(Stored items)
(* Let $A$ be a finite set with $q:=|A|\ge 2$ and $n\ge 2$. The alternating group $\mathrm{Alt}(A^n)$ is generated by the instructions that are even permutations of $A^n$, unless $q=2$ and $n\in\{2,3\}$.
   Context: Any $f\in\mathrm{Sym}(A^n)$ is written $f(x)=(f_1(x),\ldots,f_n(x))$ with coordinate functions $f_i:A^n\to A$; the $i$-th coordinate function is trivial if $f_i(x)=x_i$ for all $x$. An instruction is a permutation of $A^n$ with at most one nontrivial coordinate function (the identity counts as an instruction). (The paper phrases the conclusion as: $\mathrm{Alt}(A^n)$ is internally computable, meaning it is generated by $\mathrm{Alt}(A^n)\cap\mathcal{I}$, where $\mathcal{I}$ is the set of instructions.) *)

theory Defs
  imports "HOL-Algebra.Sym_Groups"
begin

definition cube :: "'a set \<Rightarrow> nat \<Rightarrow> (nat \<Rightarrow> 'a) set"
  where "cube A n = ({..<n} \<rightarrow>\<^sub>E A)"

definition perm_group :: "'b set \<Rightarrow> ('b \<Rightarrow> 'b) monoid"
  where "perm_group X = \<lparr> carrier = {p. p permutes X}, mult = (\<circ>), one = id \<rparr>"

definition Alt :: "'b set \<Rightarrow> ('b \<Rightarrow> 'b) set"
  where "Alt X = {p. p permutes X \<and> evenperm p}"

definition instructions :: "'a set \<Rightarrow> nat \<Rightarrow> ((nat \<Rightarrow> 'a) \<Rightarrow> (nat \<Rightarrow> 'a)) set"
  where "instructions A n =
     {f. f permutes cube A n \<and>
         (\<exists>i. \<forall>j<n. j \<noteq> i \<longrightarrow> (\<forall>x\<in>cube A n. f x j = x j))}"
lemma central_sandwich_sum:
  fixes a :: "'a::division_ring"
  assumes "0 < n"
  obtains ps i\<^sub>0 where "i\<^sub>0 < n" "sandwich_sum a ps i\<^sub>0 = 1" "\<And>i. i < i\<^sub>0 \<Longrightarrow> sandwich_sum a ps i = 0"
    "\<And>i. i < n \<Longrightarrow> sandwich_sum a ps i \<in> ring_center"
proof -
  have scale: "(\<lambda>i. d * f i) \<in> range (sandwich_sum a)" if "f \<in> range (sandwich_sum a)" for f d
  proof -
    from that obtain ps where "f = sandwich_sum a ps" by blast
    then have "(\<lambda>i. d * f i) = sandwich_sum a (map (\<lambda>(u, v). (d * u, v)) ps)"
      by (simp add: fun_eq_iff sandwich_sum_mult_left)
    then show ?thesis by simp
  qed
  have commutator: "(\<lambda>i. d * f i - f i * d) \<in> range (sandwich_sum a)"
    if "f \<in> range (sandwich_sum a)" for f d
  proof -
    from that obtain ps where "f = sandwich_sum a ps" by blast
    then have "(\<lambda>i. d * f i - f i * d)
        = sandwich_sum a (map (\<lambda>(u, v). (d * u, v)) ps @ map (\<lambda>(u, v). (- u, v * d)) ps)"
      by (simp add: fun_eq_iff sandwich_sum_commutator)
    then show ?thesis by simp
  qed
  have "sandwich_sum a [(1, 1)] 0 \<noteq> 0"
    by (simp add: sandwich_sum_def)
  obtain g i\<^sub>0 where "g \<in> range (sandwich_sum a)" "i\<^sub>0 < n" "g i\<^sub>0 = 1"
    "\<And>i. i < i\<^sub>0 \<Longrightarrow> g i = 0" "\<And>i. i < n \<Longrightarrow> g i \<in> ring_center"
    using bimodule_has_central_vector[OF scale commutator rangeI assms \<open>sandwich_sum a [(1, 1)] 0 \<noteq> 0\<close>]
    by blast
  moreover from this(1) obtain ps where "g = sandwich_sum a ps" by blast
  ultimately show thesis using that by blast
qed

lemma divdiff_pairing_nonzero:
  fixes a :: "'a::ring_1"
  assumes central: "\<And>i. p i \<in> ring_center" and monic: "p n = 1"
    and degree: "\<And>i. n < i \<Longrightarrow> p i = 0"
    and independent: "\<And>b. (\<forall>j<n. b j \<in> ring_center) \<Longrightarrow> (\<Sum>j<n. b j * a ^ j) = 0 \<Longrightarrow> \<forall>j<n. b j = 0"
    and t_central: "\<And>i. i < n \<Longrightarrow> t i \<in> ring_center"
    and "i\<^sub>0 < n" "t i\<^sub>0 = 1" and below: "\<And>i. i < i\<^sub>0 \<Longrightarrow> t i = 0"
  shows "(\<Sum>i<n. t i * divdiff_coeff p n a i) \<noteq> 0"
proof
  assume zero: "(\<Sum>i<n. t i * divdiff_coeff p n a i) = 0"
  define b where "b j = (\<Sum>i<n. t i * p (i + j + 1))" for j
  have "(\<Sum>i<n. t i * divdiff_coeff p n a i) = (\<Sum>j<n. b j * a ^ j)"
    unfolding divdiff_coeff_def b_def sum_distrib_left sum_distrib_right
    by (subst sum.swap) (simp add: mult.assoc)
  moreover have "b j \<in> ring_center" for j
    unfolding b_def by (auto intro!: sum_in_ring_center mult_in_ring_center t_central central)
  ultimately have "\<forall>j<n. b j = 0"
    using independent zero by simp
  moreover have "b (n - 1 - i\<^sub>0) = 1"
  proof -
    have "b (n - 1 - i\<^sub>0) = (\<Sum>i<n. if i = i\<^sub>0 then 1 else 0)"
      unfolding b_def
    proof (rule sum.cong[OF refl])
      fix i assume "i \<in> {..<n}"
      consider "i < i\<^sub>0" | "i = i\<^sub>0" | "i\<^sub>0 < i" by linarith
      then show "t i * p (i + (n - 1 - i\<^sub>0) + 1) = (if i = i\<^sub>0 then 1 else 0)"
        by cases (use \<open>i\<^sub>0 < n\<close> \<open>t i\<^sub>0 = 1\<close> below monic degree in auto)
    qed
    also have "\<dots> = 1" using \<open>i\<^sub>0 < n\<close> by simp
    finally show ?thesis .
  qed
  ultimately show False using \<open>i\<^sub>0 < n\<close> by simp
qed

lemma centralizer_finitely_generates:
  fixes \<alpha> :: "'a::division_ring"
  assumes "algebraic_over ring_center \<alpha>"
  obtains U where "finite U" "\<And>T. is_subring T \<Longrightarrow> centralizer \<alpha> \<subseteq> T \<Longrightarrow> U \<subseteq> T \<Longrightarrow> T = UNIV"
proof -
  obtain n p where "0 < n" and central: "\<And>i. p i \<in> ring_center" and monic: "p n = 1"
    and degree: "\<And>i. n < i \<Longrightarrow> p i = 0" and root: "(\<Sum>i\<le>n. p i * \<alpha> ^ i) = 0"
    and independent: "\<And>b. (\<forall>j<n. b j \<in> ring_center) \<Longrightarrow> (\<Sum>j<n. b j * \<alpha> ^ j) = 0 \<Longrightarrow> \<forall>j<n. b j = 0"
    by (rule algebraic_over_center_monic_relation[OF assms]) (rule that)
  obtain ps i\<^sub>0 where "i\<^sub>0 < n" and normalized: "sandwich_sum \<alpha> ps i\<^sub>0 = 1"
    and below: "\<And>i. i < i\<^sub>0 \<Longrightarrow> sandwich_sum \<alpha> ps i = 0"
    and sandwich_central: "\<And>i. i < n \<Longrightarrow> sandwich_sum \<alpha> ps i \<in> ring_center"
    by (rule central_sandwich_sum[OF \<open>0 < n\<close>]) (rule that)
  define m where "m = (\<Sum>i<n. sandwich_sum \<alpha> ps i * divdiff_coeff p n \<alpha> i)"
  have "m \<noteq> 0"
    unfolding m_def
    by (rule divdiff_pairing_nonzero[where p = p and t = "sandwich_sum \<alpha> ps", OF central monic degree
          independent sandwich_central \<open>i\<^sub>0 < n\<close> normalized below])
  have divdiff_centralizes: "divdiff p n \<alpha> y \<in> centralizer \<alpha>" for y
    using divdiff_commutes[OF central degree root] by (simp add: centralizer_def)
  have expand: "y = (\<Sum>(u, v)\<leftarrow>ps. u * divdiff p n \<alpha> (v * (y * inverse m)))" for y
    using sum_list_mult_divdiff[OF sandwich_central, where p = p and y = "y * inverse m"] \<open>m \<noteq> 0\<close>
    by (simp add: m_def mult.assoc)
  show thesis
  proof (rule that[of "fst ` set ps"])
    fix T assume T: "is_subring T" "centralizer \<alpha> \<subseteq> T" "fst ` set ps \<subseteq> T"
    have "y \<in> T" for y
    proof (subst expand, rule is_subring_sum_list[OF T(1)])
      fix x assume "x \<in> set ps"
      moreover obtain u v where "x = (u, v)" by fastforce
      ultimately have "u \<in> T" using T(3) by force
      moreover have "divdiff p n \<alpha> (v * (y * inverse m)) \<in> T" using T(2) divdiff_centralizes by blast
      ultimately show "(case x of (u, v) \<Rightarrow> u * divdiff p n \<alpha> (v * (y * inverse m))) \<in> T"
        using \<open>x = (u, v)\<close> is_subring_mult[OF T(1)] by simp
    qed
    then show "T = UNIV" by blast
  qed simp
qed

* * *

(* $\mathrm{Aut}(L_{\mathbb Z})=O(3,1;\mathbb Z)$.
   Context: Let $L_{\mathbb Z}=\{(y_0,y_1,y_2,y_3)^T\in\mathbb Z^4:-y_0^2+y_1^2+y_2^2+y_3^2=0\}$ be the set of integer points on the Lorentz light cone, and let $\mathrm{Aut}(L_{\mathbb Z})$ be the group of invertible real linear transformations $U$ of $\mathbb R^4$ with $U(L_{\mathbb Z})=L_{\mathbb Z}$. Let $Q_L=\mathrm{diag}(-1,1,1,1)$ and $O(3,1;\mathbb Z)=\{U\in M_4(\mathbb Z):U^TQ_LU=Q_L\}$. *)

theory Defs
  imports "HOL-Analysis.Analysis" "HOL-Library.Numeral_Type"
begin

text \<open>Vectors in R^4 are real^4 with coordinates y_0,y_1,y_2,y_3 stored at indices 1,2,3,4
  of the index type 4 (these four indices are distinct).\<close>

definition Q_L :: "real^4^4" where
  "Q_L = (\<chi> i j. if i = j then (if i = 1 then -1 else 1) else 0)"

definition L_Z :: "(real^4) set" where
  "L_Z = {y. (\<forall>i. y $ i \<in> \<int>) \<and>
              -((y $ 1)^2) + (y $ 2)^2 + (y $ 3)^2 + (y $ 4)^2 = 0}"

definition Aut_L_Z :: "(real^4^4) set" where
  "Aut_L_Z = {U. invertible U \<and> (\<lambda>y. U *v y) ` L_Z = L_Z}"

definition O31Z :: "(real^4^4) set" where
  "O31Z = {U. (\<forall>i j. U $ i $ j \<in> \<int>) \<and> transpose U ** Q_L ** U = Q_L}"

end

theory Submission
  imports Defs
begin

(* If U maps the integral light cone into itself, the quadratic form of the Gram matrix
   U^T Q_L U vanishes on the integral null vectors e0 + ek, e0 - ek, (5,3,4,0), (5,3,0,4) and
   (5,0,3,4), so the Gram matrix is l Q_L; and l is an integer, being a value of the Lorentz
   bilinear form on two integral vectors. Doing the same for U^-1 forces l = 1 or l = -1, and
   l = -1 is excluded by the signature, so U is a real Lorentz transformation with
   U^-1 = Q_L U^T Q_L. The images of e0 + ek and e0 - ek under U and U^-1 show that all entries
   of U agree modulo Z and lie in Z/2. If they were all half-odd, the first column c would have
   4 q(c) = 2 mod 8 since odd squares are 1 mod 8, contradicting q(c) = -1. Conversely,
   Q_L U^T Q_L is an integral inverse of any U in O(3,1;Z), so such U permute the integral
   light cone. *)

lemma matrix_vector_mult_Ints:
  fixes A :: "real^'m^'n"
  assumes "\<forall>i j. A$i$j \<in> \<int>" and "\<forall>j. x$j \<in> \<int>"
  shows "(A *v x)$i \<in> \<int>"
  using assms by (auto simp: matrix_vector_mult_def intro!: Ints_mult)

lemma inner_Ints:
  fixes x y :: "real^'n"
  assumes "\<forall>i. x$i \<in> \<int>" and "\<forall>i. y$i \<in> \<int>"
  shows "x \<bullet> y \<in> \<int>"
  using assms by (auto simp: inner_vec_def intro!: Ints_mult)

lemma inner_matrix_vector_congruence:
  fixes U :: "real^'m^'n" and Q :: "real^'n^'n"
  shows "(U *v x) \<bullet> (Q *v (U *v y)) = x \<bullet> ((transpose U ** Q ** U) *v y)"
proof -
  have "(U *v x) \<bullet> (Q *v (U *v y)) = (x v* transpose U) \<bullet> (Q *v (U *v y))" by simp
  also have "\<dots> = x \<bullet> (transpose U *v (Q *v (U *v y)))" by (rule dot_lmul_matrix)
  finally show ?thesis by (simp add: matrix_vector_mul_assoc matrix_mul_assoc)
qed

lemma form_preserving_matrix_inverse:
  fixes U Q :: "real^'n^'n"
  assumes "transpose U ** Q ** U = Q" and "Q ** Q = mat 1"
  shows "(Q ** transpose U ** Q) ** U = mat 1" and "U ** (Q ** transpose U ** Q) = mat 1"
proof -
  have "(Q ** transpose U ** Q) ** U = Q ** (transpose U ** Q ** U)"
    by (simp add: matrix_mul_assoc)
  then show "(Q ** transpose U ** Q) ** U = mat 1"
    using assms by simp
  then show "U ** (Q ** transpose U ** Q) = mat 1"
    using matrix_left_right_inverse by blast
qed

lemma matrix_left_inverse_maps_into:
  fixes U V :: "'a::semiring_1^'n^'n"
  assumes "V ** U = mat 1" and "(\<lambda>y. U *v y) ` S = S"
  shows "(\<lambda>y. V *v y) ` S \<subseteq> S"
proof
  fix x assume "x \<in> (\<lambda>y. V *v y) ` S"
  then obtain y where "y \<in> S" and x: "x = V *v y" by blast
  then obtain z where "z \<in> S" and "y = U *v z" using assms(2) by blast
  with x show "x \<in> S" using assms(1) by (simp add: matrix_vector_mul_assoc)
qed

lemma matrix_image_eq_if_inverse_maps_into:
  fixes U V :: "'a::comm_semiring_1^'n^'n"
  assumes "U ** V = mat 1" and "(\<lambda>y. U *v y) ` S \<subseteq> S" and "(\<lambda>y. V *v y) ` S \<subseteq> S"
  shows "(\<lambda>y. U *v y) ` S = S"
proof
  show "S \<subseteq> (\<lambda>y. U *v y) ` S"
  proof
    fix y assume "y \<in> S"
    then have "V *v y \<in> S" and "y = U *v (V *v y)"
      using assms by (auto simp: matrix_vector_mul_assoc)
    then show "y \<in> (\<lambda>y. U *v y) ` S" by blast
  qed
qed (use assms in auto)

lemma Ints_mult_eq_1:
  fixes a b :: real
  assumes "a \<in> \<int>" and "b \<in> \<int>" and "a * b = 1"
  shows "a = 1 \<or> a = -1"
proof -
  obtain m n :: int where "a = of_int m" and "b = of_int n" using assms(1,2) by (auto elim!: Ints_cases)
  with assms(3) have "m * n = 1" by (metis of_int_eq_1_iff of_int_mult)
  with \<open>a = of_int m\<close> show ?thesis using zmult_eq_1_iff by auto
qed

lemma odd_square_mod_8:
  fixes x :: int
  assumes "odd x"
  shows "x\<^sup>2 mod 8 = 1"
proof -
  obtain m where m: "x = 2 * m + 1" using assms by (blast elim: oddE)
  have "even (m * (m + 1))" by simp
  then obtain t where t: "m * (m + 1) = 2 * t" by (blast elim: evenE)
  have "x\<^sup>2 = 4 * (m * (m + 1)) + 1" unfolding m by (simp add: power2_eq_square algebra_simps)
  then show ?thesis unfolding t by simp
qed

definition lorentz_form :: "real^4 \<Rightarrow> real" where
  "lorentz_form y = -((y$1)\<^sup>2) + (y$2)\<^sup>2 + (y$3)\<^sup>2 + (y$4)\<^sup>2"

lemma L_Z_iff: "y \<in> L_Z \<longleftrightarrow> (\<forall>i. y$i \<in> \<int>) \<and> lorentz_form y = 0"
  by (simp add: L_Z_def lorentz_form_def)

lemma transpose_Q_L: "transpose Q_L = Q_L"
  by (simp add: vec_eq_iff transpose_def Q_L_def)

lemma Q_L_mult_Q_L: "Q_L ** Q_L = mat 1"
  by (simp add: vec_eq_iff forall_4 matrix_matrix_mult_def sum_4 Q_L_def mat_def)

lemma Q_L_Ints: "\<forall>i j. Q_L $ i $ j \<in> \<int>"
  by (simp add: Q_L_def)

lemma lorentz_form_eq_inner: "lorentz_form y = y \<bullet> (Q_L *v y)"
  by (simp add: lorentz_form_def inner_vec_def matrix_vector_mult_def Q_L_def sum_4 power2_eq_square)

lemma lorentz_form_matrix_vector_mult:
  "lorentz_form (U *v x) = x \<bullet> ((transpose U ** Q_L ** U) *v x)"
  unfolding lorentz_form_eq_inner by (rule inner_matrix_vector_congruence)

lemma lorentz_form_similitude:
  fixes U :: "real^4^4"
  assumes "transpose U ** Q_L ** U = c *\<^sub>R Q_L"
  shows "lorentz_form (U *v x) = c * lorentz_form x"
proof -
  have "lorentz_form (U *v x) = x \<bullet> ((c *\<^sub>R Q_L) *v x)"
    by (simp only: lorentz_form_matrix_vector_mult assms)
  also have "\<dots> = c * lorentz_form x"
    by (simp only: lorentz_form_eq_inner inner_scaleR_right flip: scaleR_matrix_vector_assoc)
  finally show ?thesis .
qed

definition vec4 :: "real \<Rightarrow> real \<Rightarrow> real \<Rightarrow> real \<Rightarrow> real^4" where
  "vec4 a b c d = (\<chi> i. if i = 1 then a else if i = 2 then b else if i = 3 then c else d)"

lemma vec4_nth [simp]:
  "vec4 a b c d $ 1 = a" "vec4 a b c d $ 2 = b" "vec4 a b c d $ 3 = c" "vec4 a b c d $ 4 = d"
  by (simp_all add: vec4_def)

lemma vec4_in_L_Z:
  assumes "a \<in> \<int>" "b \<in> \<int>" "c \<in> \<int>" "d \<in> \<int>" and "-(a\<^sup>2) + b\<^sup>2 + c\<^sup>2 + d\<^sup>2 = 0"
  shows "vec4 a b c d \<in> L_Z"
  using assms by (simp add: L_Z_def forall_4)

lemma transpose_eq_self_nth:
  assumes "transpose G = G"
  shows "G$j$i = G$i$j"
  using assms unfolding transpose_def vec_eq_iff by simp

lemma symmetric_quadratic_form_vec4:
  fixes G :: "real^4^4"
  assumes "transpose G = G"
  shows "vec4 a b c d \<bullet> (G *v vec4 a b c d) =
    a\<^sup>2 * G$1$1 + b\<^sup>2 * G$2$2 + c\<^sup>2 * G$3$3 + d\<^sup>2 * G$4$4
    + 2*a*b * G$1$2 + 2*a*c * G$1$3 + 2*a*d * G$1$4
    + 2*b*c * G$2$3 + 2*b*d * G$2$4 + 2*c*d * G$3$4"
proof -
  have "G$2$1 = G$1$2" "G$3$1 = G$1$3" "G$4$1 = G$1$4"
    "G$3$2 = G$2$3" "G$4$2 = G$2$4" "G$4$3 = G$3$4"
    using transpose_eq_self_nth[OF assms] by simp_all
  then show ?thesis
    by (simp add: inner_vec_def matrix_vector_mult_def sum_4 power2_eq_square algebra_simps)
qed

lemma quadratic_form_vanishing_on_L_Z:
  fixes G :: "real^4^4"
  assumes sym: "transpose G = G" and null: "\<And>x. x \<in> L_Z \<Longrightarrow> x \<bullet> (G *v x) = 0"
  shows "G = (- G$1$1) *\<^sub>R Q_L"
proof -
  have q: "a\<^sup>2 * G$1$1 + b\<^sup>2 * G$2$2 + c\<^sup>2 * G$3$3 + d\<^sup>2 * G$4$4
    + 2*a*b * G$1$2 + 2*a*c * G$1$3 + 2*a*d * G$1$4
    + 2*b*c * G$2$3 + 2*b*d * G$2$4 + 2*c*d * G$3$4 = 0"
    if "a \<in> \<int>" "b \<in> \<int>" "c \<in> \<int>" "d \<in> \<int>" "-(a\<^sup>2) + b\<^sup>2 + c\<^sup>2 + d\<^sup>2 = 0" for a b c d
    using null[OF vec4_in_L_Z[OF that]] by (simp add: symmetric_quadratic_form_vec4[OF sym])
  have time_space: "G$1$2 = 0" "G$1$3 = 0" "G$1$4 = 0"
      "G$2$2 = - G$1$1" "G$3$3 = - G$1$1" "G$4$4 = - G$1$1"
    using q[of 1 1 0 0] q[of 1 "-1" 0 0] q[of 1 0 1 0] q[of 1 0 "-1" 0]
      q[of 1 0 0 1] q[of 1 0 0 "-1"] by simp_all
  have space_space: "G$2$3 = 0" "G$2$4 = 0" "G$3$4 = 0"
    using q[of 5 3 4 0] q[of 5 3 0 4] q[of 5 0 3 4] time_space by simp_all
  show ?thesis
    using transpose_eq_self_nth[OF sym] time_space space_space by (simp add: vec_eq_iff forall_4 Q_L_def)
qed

● **Description of the task**
Wherever the string "UNIV" appears in a line of the records above, copy that line.

● **Task response**
  obtains U where "finite U" "\<And>T. is_subring T \<Longrightarrow> centralizer \<alpha> \<subseteq> T \<Longrightarrow> U \<subseteq> T \<Longrightarrow> T = UNIV"
    then show "T = UNIV" by blast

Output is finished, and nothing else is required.